Thanks Chuck, that clears it up a little, but I am still not sure if, when I have a catalog item that has multiple tasks, if I should define an SLA on the item and OLA's on the tasks. For example, for a given catalog item (ie order a laptop), the laptop should be delivered, fully configured and ready to go, within 5 days (SLA). Of course there are a number of tasks performed by various departments (Procurement, IT, etc) involved in buying and provisioning a laptop. Should OLA's be defined for the individual tasks (which would "rollup" to the SLA)? Is this a common practice?   If not, can you provide a brief over view of how this is generally done?

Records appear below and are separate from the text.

(* Let $a_0,a_1,a_2\in\mathbb{C}$ with $a_2\neq0$ such that the polynomial $f(x)=a_0+a_1x+a_2x^2$ has no positive integer root, and let $\Lambda=a_0D+a_1DxD+a_2(Dx)^2D$. Then there is no monic polynomial sequence $\{B_n\}_{n\ge0}$ which is both $\Lambda$-Appell and orthogonal.
   Context: $\mathcal{P}$ is the space of complex polynomials, $D$ the derivative, $x$ multiplication by $x$, products are compositions. A monic polynomial sequence (MPS) is $\{B_n\}_{n\ge0}$ with $B_n$ monic of degree $n$. Under the hypotheses, $\Lambda$ is a lowering operator with $\Lambda(x^n)=nf(n)x^{n-1}$; an MPS is $\Lambda$-Appell if $\Lambda B_{n+1}=\rho_nB_n$ for all $n\ge0$ with $\rho_n=(n+1)f(n+1)$. An MPS is orthogonal if there is a linear functional $u$ on $\mathcal{P}$ with $\langle u,B_nB_m\rangle=0$ for $n\neq m$ and $\langle u,B_n^2\rangle\neq0$ for all $n\ge0$. *)

theory Defs
  imports "HOL-Computational_Algebra.Polynomial"
begin

definition mulx :: "complex poly \<Rightarrow> complex poly" where
  "mulx p = [:0, 1:] * p"

definition Lam :: "complex \<Rightarrow> complex \<Rightarrow> complex \<Rightarrow> complex poly \<Rightarrow> complex poly" where
  "Lam a0 a1 a2 p =
     smult a0 (pderiv p)
   + smult a1 (pderiv (mulx (pderiv p)))
   + smult a2 (pderiv (mulx (pderiv (mulx (pderiv p)))))"

definition MPS :: "(nat \<Rightarrow> complex poly) \<Rightarrow> bool" where
  "MPS B \<longleftrightarrow> (\<forall>n. degree (B n) = n \<and> lead_coeff (B n) = 1)"

definition Lam_Appell :: "complex \<Rightarrow> complex \<Rightarrow> complex \<Rightarrow> (nat \<Rightarrow> complex poly) \<Rightarrow> bool" where
  "Lam_Appell a0 a1 a2 B \<longleftrightarrow> MPS B \<and>
     (\<forall>n. Lam a0 a1 a2 (B (Suc n)) =
           smult (of_nat (Suc n) * poly [:a0, a1, a2:] (of_nat (Suc n))) (B n))"

definition lin_functional :: "(complex poly \<Rightarrow> complex) \<Rightarrow> bool" where
  "lin_functional u \<longleftrightarrow> (\<forall>p q. u (p + q) = u p + u q) \<and> (\<forall>c p. u (smult c p) = c * u p)"

definition orthogonal_MPS :: "(nat \<Rightarrow> complex poly) \<Rightarrow> bool" where
  "orthogonal_MPS B \<longleftrightarrow> MPS B \<and> (\<exists>u. lin_functional u \<and>
     (\<forall>n m. n \<noteq> m \<longrightarrow> u (B n * B m) = 0) \<and> (\<forall>n. u (B n * B n) \<noteq> 0))"

end

theory Submission
  imports Defs
begin

(* The operator Lambda lowers x^k to rho_k x^(k-1) with rho_k = k f(k), so a Lambda-Appell sequence
   is determined by constants kappa_j: the coefficient of x^m in B_(m+j) is
   kappa_j rho_(m+1) ... rho_(m+j).  Orthogonality gives a three-term recurrence
   x B_n = B_(n+1) + beta_n B_n + gamma_n B_(n-1) with gamma_n nonzero.  Comparing the top
   coefficients of the recurrence yields identities in m between the cubic rho and
   kappa_1, ..., kappa_4; since rho has leading coefficient a2 /= 0, they force
   kappa_1 = kappa_3 = 0 and then kappa_2 = 0, and then the recurrence forces gamma_n = 0. *)


definition Lam_factor :: "complex \<Rightarrow> complex \<Rightarrow> complex \<Rightarrow> nat \<Rightarrow> complex" where
  "Lam_factor a0 a1 a2 k = of_nat k * poly [:a0, a1, a2:] (of_nat k)"

lemma coeff_mulx_Suc [simp]: "coeff (mulx p) (Suc i) = coeff p i"
  by (simp add: mulx_def)

lemma coeff_Lam: "coeff (Lam a0 a1 a2 p) k = Lam_factor a0 a1 a2 (Suc k) * coeff p (Suc k)"
  by (simp add: Lam_def Lam_factor_def mulx_def coeff_pderiv algebra_simps power2_eq_square)

lemma Lam_Appell_coeff:
  assumes "Lam_Appell a0 a1 a2 B"
  shows "Lam_factor a0 a1 a2 (Suc k) * coeff (B (Suc n)) (Suc k)
    = Lam_factor a0 a1 a2 (Suc n) * coeff (B n) k"
proof -
  have "Lam a0 a1 a2 (B (Suc n)) = smult (Lam_factor a0 a1 a2 (Suc n)) (B n)"
    using assms by (simp add: Lam_Appell_def Lam_factor_def)
  from arg_cong[where f = "\<lambda>p. coeff p k", OF this] show ?thesis
    by (simp add: coeff_Lam)
qed

lemma coeff_below_diagonal_closed_form:
  fixes B :: "nat \<Rightarrow> 'a::field poly" and r :: "nat \<Rightarrow> 'a"
  assumes shift: "\<And>n k. r (Suc k) * coeff (B (Suc n)) (Suc k) = r (Suc n) * coeff (B n) k"
    and r_nz: "\<And>k. r (Suc k) \<noteq> 0"
  shows "coeff (B (m + j)) m = coeff (B j) 0 / (\<Prod>i<j. r (Suc i)) * (\<Prod>i<j. r (m + i + 1))"
proof (induction m)
  case 0
  then show ?case using r_nz by simp
next
  case (Suc m)
  have "r (Suc m) * coeff (B (Suc m + j)) (Suc m) = r (Suc (m + j)) * coeff (B (m + j)) m"
    using shift[of m "m + j"] by simp
  also have "\<dots> = r (Suc m) * (coeff (B j) 0 / (\<Prod>i<j. r (Suc i)) * (\<Prod>i<j. r (Suc m + i + 1)))"
    unfolding Suc.IH
    using prod.lessThan_Suc_shift[of "\<lambda>i. r (m + i + 1)" j] prod.lessThan_Suc[of "\<lambda>i. r (m + i + 1)" j]
    by (simp add: ac_simps)
  finally show ?case
    by (rule mult_left_cancel[THEN iffD1, OF r_nz])
qed

(* rho is a cubic polynomial in m with leading coefficient a2, so the hypothesis is a polynomial
   identity in m; three of its instances already determine the top coefficients. *)
lemma Lam_factor_relation3_imp_zero:
  fixes a0 a1 a2 e C D :: complex
  defines "\<rho> \<equiv> Lam_factor a0 a1 a2"
  assumes "a2 \<noteq> 0"
    and "\<And>m. D * (\<rho> (m+1) - \<rho> (m+4))
      = e * C * (\<rho> (m+3) - \<rho> (m+4)) + e * C * (\<rho> (m+2) - \<rho> (m+4)) - e^3 * (\<rho> (m+3) - \<rho> (m+4))"
  shows "D = 0 \<and> e = 0"
proof -
  note eqs = assms(3)[of 0, unfolded \<rho>_def Lam_factor_def]
    assms(3)[of 1, unfolded \<rho>_def Lam_factor_def]
    assms(3)[of 2, unfolded \<rho>_def Lam_factor_def]
  have "a2 * (3 * D + e^3 - 3 * e * C) = 0" using eqs by simp algebra
  then have W: "3 * D + e^3 - 3 * e * C = 0" using assms(2) by simp
  have "a2 * (3 * D - e * C) = 0" using eqs W by simp algebra
  then have X: "3 * D - e * C = 0" using assms(2) by simp
  have "a2 * D = 0" using eqs W X by simp algebra
  then have "D = 0" using assms(2) by simp
  moreover from this have "e^3 = 0" using W X by algebra
  ultimately show ?thesis by simp
qed

lemma Lam_factor_relation4_imp_zero:
  fixes a0 a1 a2 C E :: complex
  defines "\<rho> \<equiv> Lam_factor a0 a1 a2"
  assumes "a2 \<noteq> 0"
    and "\<And>m. E * (\<rho> (m+1) - \<rho> (m+5)) = C^2 * (\<rho> (m+3) - \<rho> (m+5))"
  shows "C = 0"
proof -
  note eqs = assms(3)[of 0, unfolded \<rho>_def Lam_factor_def]
    assms(3)[of 1, unfolded \<rho>_def Lam_factor_def]
    assms(3)[of 2, unfolded \<rho>_def Lam_factor_def]
  have "a2 * (2 * E - C^2) = 0" using eqs by simp algebra
  then have "2 * E - C^2 = 0" using assms(2) by simp
  then have "a2 * C^2 = 0" using eqs by simp algebra
  then show ?thesis using assms(2) by simp
qed

lemma lin_functional_zero:
  assumes "lin_functional u"
  shows "u 0 = 0"
  using assms[unfolded lin_functional_def, THEN conjunct2, rule_format, of 0 0] by simp

lemma lin_functional_diff:
  assumes "lin_functional u"
  shows "u (p - q) = u p - u q"
  using assms[unfolded lin_functional_def, THEN conjunct1, rule_format, of "p - q" q] by simp

lemma lin_functional_sum:
  assumes "lin_functional u"
  shows "u (\<Sum>a\<in>A. f a) = (\<Sum>a\<in>A. u (f a))"
proof (induction A rule: infinite_finite_induct)
  case (infinite A)
  then show ?case using lin_functional_zero[OF assms] by simp
next
  case empty
  then show ?case using lin_functional_zero[OF assms] by simp
next
  case (insert a A)
  then show ?case using assms by (simp add: lin_functional_def)
qed

lemma MPS_degree: "MPS B \<Longrightarrow> degree (B n) = n"
  by (simp add: MPS_def)

lemma MPS_lead_coeff: "MPS B \<Longrightarrow> coeff (B n) n = 1"
  unfolding MPS_def by (metis (no_types))

lemma MPS_coeff_above: "MPS B \<Longrightarrow> n < i \<Longrightarrow> coeff (B n) i = 0"
  by (simp add: MPS_degree coeff_eq_0)

lemma MPS_0: "MPS B \<Longrightarrow> B 0 = 1"
  by (metis MPS_lead_coeff MPS_degree degree_0_id one_pCons)

lemma MPS_expansion:
  assumes "MPS B" and "degree p \<le> d"
  shows "\<exists>c. p = (\<Sum>i\<le>d. smult (c i) (B i))"
  using assms(2)
proof (induction d arbitrary: p)
  case 0
  then have "p = smult (coeff p 0) (B 0)"
    using MPS_0[OF assms(1)] by (simp add: degree_0_id)
  then show ?case by auto
next
  case (Suc d)
  define q where "q = p - smult (coeff p (Suc d)) (B (Suc d))"
  have "degree q \<le> d"
  proof (rule degree_le, intro allI impI)
    fix i assume "d < i"
    then consider "i = Suc d" | "Suc d < i" by linarith
    then show "coeff q i = 0"
    proof cases
      case 1
      then show ?thesis using assms(1) by (simp add: q_def MPS_lead_coeff)
    next
      case 2
      then show ?thesis using Suc.prems assms(1)
        by (simp add: q_def MPS_coeff_above coeff_eq_0)
    qed
  qed
  then obtain c where "q = (\<Sum>i\<le>d. smult (c i) (B i))"
    using Suc.IH by blast
  then have "p = (\<Sum>i\<le>d. smult (c i) (B i)) + smult (coeff p (Suc d)) (B (Suc d))"
    by (metis q_def diff_add_cancel)
  also have "\<dots> = (\<Sum>i\<le>Suc d. smult ((c(Suc d := coeff p (Suc d))) i) (B i))"
    by simp
  finally show ?case by blast
qed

I am envisioning that using SLA/OLA I can track the service levels for catalog items as well as the individual catalog tasks. For example, maybe there is one task of a total of five tasks that is consistently taking so long that the SLA is being breached. If there is a OLA on each of the tasks this will then help me determine and monitor the performance of each of these tasks.


Chuck Tomasi
ServiceNow Employee
ServiceNow Employee

Hi Ric,



Make the determination when you define the SLAs and OLAs. Let them get applied where they meet the conditions. Don't think about them as being exclusive to request items and catalog tasks. Instead, if you have a mixture, create definitions.



Example (SLA):


Start condition: Assignment Group | is | Laptop support



Example (OLA)


Start condition: Assignment group | is | Procurement



They can both be applied to the catalog task table. They are very flexible and you can use them as your requirements dictate.